We were up and about before sunrise on Little Ross Island. Douglas kept up the standard in our little group by shaving before breakfast..... Mike and I elected to remain as passable "Billy Goats Gruff", though when Douglas suggested taking luncheon in Kirkcubright we did wonder just how posh the place he had in mind might be!
We'd only briefly visited the lighthouse the previous evening, and as we're all very much pharophiles, we walked back up the hill.......
...to explore the lighthouse a little more. Built at the mouth of Kirkcudbright Bay to close the gap between the lights at Mull of Galloway and Southerness, Little Ross Island light was lit on 1st January 1843, and flashes white once every five seconds.
The mechanism here was at the cutting edge of the technology of the time as it was the first light of catadioptric type, with metallic mirrors above and below the lenses. The huge lens was removed after the light was automated and is now on display in Kirkcubright museum.
An inscription above the door identifies that the building contractor was Robert Hume and the Engineer (the title used by the designer and overseer of the lights of the Northern Lightboard) was Robert Stevenson. Founder of the formidable dynasty of lighthouse builders (and grandfather of the author Robert Louis Stevenson), Robert had made his name with the building of the Bell Rock light off the coast of Arbroath, an astounding technical achievement.

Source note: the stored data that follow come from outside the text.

(* Let $(X,d)$ be a compact metric space, $T:X\to X$ continuous, $Z\subset X$ non-empty, and $\Phi=\{\varphi_n:X\to\mathbb{R}\}_{n\in\mathbb{N}}$ a sequence of continuous functions satisfying the tempered distortion condition $\lim_{\varepsilon\to 0}\limsup_{n\to\infty}\varphi_n(\varepsilon)/n=0$, where $\varphi_n(\varepsilon)=\sup\{|\varphi_n(x)-\varphi_n(y)|: x\in X,\ y\in B_n(x,e^{-n\varepsilon})\}$. Then for every $\theta>0$ there exists $\varepsilon_0>0$ such that for every $0<\varepsilon<\varepsilon_0$ there exists $N_0\in\mathbb{N}$ such that for all $N\ge N_0$ and all $s\in\mathbb{R}$, $$\mathcal{M}^{s+\theta}_{N,\varepsilon/2}(Z,\Phi)\le W^s_{N,\varepsilon}(Z,\Phi)\le M^s_{N,\varepsilon}(Z,\Phi).$$ Consequently $P^{\tilde B}_Z(T,\Phi)=P^{\widetilde{WB}}_Z(T,\Phi)$.
   Context: The neutralized Bowen ball is $B_n(x,e^{-n\varepsilon})=\{y\in X: d(T^jx,T^jy)<e^{-n\varepsilon}\ \forall\,0\le j\le n-1\}$. For $\varepsilon>0$, $N\in\mathbb{N}$, $s\in\mathbb{R}$: $M^s_{N,\varepsilon}(Z,\Phi)=\inf\sum_{i\in I}\exp[-n_is+\sup_{y\in B_{n_i}(x_i,e^{-n_i\varepsilon})}\varphi_{n_i}(y)]$, infimum over all finite or countable covers $\{B_{n_i}(x_i,e^{-n_i\varepsilon})\}_{i\in I}$ of $Z$ with $n_i\ge N$, $x_i\in X$; $M^s_\varepsilon=\lim_{N\to\infty}M^s_{N,\varepsilon}$; $M_\varepsilon(Z,\Phi)=\inf\{s:M^s_\varepsilon(Z,\Phi)=0\}=\sup\{s:M^s_\varepsilon(Z,\Phi)=\infty\}$; $P^{\tilde B}_Z(T,\Phi)=\lim_{\varepsilon\to0}M_\varepsilon(Z,\Phi)$. $\mathcal{M}^s_{N,\varepsilon}(Z,\Phi)=\inf\sum_{i\in I}\exp[-n_is+\varphi_{n_i}(x_i)]$, infimum over the same class of covers. Weighted version: $W^s_{N,\varepsilon}(Z,\Phi)=\inf\sum_{i\in I}c_i\exp[-n_is+\sup_{y\in B_{n_i}(x_i,e^{-n_i\varepsilon})}\varphi_{n_i}(y)]$, infimum over all finite or countable families $\{(B_{n_i}(x_i,e^{-n_i\varepsilon}),c_i)\}_{i\in I}$ with $0<c_i<\infty$, $x_i\in X$, $n_i\ge N$ and $\sum_ic_i\chi_{B_{n_i}(x_i,e^{-n_i\varepsilon})}\ge\chi_Z$ ($\chi_A$ the indicator of $A$); $W^s_\varepsilon(Z,\Phi)=\lim_{N\to\infty}W^s_{N,\varepsilon}(Z,\Phi)$; $W_\varepsilon(Z,\Phi)=\inf\{s:W^s_\varepsilon(Z,\Phi)=0\}=\sup\{s:W^s_\varepsilon(Z,\Phi)=\infty\}$; $P^{\widetilde{WB}}_Z(T,\Phi)=\lim_{\varepsilon\to0}W_\varepsilon(Z,\Phi)$. *)

theory Defs
  imports "HOL-Analysis.Analysis"
begin

definition bowen :: "'a::metric_space set \<Rightarrow> ('a \<Rightarrow> 'a) \<Rightarrow> nat \<Rightarrow> 'a \<Rightarrow> real \<Rightarrow> 'a set" where
  "bowen X T n x r = {y \<in> X. \<forall>j<n. dist ((T ^^ j) x) ((T ^^ j) y) < r}"

definition nbowen :: "'a::metric_space set \<Rightarrow> ('a \<Rightarrow> 'a) \<Rightarrow> nat \<Rightarrow> 'a \<Rightarrow> real \<Rightarrow> 'a set" where
  "nbowen X T n x eps = bowen X T n x (exp (- real n * eps))"

definition supball :: "'a::metric_space set \<Rightarrow> ('a \<Rightarrow> 'a) \<Rightarrow> (nat \<Rightarrow> 'a \<Rightarrow> real) \<Rightarrow> nat \<Rightarrow> 'a \<Rightarrow> real \<Rightarrow> real" where
  "supball X T \<phi> n x eps = (SUP y \<in> nbowen X T n x eps. \<phi> n y)"

definition distortion :: "'a::metric_space set \<Rightarrow> ('a \<Rightarrow> 'a) \<Rightarrow> (nat \<Rightarrow> 'a \<Rightarrow> real) \<Rightarrow> nat \<Rightarrow> real \<Rightarrow> real" where
  "distortion X T \<phi> n eps = (SUP x \<in> X. SUP y \<in> nbowen X T n x eps. \<bar>\<phi> n x - \<phi> n y\<bar>)"

text \<open>Covers are indexed by a set I of naturals (finite or countable), centres x i, times n i.\<close>
definition Mcov :: "'a::metric_space set \<Rightarrow> ('a \<Rightarrow> 'a) \<Rightarrow> (nat \<Rightarrow> 'a \<Rightarrow> real) \<Rightarrow> 'a set \<Rightarrow> real \<Rightarrow> nat \<Rightarrow> real \<Rightarrow> ennreal" where
  "Mcov X T \<phi> Z s N eps =
    (INF (I, x, n) \<in> {(I :: nat set, x :: nat \<Rightarrow> 'a, n :: nat \<Rightarrow> nat).
         (\<forall>i\<in>I. x i \<in> X \<and> N \<le> n i) \<and> Z \<subseteq> (\<Union>i\<in>I. nbowen X T (n i) (x i) eps)}.
       (\<Sum>i. if i \<in> I then ennreal (exp (- real (n i) * s + supball X T \<phi> (n i) (x i) eps)) else 0))"

definition Mcalcov :: "'a::metric_space set \<Rightarrow> ('a \<Rightarrow> 'a) \<Rightarrow> (nat \<Rightarrow> 'a \<Rightarrow> real) \<Rightarrow> 'a set \<Rightarrow> real \<Rightarrow> nat \<Rightarrow> real \<Rightarrow> ennreal" where
  "Mcalcov X T \<phi> Z s N eps =
    (INF (I, x, n) \<in> {(I :: nat set, x :: nat \<Rightarrow> 'a, n :: nat \<Rightarrow> nat).
         (\<forall>i\<in>I. x i \<in> X \<and> N \<le> n i) \<and> Z \<subseteq> (\<Union>i\<in>I. nbowen X T (n i) (x i) eps)}.
       (\<Sum>i. if i \<in> I then ennreal (exp (- real (n i) * s + \<phi> (n i) (x i))) else 0))"

definition Wcov :: "'a::metric_space set \<Rightarrow> ('a \<Rightarrow> 'a) \<Rightarrow> (nat \<Rightarrow> 'a \<Rightarrow> real) \<Rightarrow> 'a set \<Rightarrow> real \<Rightarrow> nat \<Rightarrow> real \<Rightarrow> ennreal" where
  "Wcov X T \<phi> Z s N eps =
    (INF (I, x, n, c) \<in> {(I :: nat set, x :: nat \<Rightarrow> 'a, n :: nat \<Rightarrow> nat, c :: nat \<Rightarrow> real).
         (\<forall>i\<in>I. x i \<in> X \<and> N \<le> n i \<and> 0 < c i) \<and>
         (\<forall>z\<in>X. (if z \<in> Z then 1 else 0) \<le>
             (\<Sum>i. if i \<in> I \<and> z \<in> nbowen X T (n i) (x i) eps then ennreal (c i) else 0))}.
       (\<Sum>i. if i \<in> I then ennreal (c i) * ennreal (exp (- real (n i) * s + supball X T \<phi> (n i) (x i) eps)) else 0))"

definition Mlim where "Mlim X T \<phi> Z s eps = lim (\<lambda>N. Mcov X T \<phi> Z s N eps)"
definition Wlim where "Wlim X T \<phi> Z s eps = lim (\<lambda>N. Wcov X T \<phi> Z s N eps)"

definition Mcrit :: "'a::metric_space set \<Rightarrow> ('a \<Rightarrow> 'a) \<Rightarrow> (nat \<Rightarrow> 'a \<Rightarrow> real) \<Rightarrow> 'a set \<Rightarrow> real \<Rightarrow> ereal" where
  "Mcrit X T \<phi> Z eps = Inf {ereal s | s. Mlim X T \<phi> Z s eps = 0}"
definition Wcrit :: "'a::metric_space set \<Rightarrow> ('a \<Rightarrow> 'a) \<Rightarrow> (nat \<Rightarrow> 'a \<Rightarrow> real) \<Rightarrow> 'a set \<Rightarrow> real \<Rightarrow> ereal" where
  "Wcrit X T \<phi> Z eps = Inf {ereal s | s. Wlim X T \<phi> Z s eps = 0}"

definition PB :: "'a::metric_space set \<Rightarrow> ('a \<Rightarrow> 'a) \<Rightarrow> (nat \<Rightarrow> 'a \<Rightarrow> real) \<Rightarrow> 'a set \<Rightarrow> ereal" where
  "PB X T \<phi> Z = Lim (at_right 0) (\<lambda>eps. Mcrit X T \<phi> Z eps)"
definition PWB :: "'a::metric_space set \<Rightarrow> ('a \<Rightarrow> 'a) \<Rightarrow> (nat \<Rightarrow> 'a \<Rightarrow> real) \<Rightarrow> 'a set \<Rightarrow> ereal" where
  "PWB X T \<phi> Z = Lim (at_right 0) (\<lambda>eps. Wcrit X T \<phi> Z eps)"

end

(*
  Every cover is a weighted cover with unit weights, whence W <= M. Conversely, a weighted cover by
  neutralized Bowen balls of level at least N is traded for an ordinary cover by the balls with
  exponent eps/2 around the same centres: once e^(m eps/2) >= 3, a ball B_n(x, e^(-n eps)) meeting
  B_m(y, e^(-m eps)) with m <= n lies in B_m(y, e^(-m eps/2)). Federer's weighted Vitali argument
  (select disjoint balls greedily by increasing level, lower their weights by the least of them,
  repeat) bounds the cost of the new cover, with the potential evaluated at the centres, by the
  weighted cost, in which the potential is taken at its supremum over each ball. A countable family
  is cut into finite blocks with geometrically decreasing weight thresholds, so that all blocks but
  the first are negligible. This gives Mcalcov at eps/2 <= W, and Mcalcov only decreases as s grows.
  Tempered distortion bounds M at exponent s + delta by Mcalcov at exponent s. Hence the critical
  exponents of M and W at eps lie between those of Mcalcov at eps/2 and at eps (up to delta); the
  latter are monotone in eps, so all of them converge to the same limit as eps -> 0.
*)

theory Submission
  imports Defs
begin

lemma exists_disjoint_subfamily_by_level:
  fixes B :: "'i \<Rightarrow> 'a set" and lev :: "'i \<Rightarrow> 'b::linorder"
  assumes "finite Q"
  obtains J where "J \<subseteq> Q" "disjoint_family_on B J"
    "\<And>i. i \<in> Q \<Longrightarrow> B i \<noteq> {} \<Longrightarrow> \<exists>j\<in>J. lev j \<le> lev i \<and> B i \<inter> B j \<noteq> {}"
proof -
  have "\<exists>J\<subseteq>Q. disjoint_family_on B J \<and>
      (\<forall>i\<in>Q. B i \<noteq> {} \<longrightarrow> (\<exists>j\<in>J. lev j \<le> lev i \<and> B i \<inter> B j \<noteq> {}))"
    using assms
  proof (induction rule: finite_ranking_induct[where f = lev])
    case (insert a S)
    then obtain J where J: "J \<subseteq> S" "disjoint_family_on B J"
      "\<forall>i\<in>S. B i \<noteq> {} \<longrightarrow> (\<exists>j\<in>J. lev j \<le> lev i \<and> B i \<inter> B j \<noteq> {})"
      by blast
    show ?case
    proof (cases "B a = {} \<or> (\<exists>j\<in>J. B a \<inter> B j \<noteq> {})")
      case True
      then show ?thesis
        using J insert.hyps(2) by (intro exI[of _ J]) blast
    next
      case False
      then have "disjoint_family_on B (insert a J)"
        using J(2) by (auto simp: disjoint_family_on_def Int_commute)
      then show ?thesis
        using J(1,3) by (intro exI[of _ "insert a J"]) blast
    qed
  qed (simp add: disjoint_family_on_def)
  then show ?thesis
    using that by blast
qed

lemma sum_indicator_disjoint_family_le:
  fixes a :: real
  assumes "disjoint_family_on B J" "finite J" "0 \<le> a"
  shows "(\<Sum>i\<in>J. if z \<in> B i then a else 0) \<le> a"
proof -
  have "card (J \<inter> {i. z \<in> B i}) \<le> 1"
    using assms(1,2) by (auto simp: card_le_Suc0_iff_eq disjoint_family_on_def)
  then have "a * card (J \<inter> {i. z \<in> B i}) \<le> a"
    using assms(3) by (simp add: mult_left_le)
  then show ?thesis
    using assms(2) by (simp add: sum.If_cases mult.commute)
qed

lemma finite_vitali_covering:
  fixes B E :: "'i \<Rightarrow> 'a set" and lev :: "'i \<Rightarrow> 'b::linorder"
  assumes "finite Q"
    and enlarge: "\<And>i j. i \<in> Q \<Longrightarrow> j \<in> Q \<Longrightarrow> lev j \<le> lev i \<Longrightarrow> B i \<inter> B j \<noteq> {} \<Longrightarrow> B i \<subseteq> E j"
  obtains J where "J \<subseteq> Q" "disjoint_family_on B J" "(\<Union>i\<in>Q. B i) \<subseteq> (\<Union>j\<in>J. E j)"
proof -
  obtain J where J: "J \<subseteq> Q" "disjoint_family_on B J"
      "\<And>i. i \<in> Q \<Longrightarrow> B i \<noteq> {} \<Longrightarrow> \<exists>j\<in>J. lev j \<le> lev i \<and> B i \<inter> B j \<noteq> {}"
    using assms(1) by (rule exists_disjoint_subfamily_by_level[where B = B and lev = lev]) blast
  have "B i \<subseteq> (\<Union>j\<in>J. E j)" if i: "i \<in> Q" for i
  proof (cases "B i = {}")
    case False
    then obtain j where "j \<in> J" "lev j \<le> lev i" "B i \<inter> B j \<noteq> {}"
      using J(3) i by blast
    then show ?thesis
      using enlarge[OF i] J(1) by blast
  qed simp
  then show ?thesis
    using that J(1,2) by blast
qed

lemma sum_if_mem_subset:
  "finite P \<Longrightarrow> J \<subseteq> P \<Longrightarrow> (\<Sum>i\<in>P. if i \<in> J then f i else 0) = sum f J"
  by (simp add: sum.If_cases Int_absorb1)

His designs would set the standard for those who followed. Architecture was symmetric, geometric and precise, almost austere. It reflected the character of the man, but also laid out in stone Robert's vision for the Northern Lighthouse Service, everything should be ordered and "shipshape" to a high degree; nothing less would be tolerated. The Latin inscription at the door is the NLB's motto "In Salutem Omnium" (For the Safety of All) and Robert believed with all his being that the NLB was a vocation rather than a job. The story of the "Lighthouse Stevensons" and some of their most notable lighthouses is told in an excellent book of that title by Bella Bathurst, well worth a read.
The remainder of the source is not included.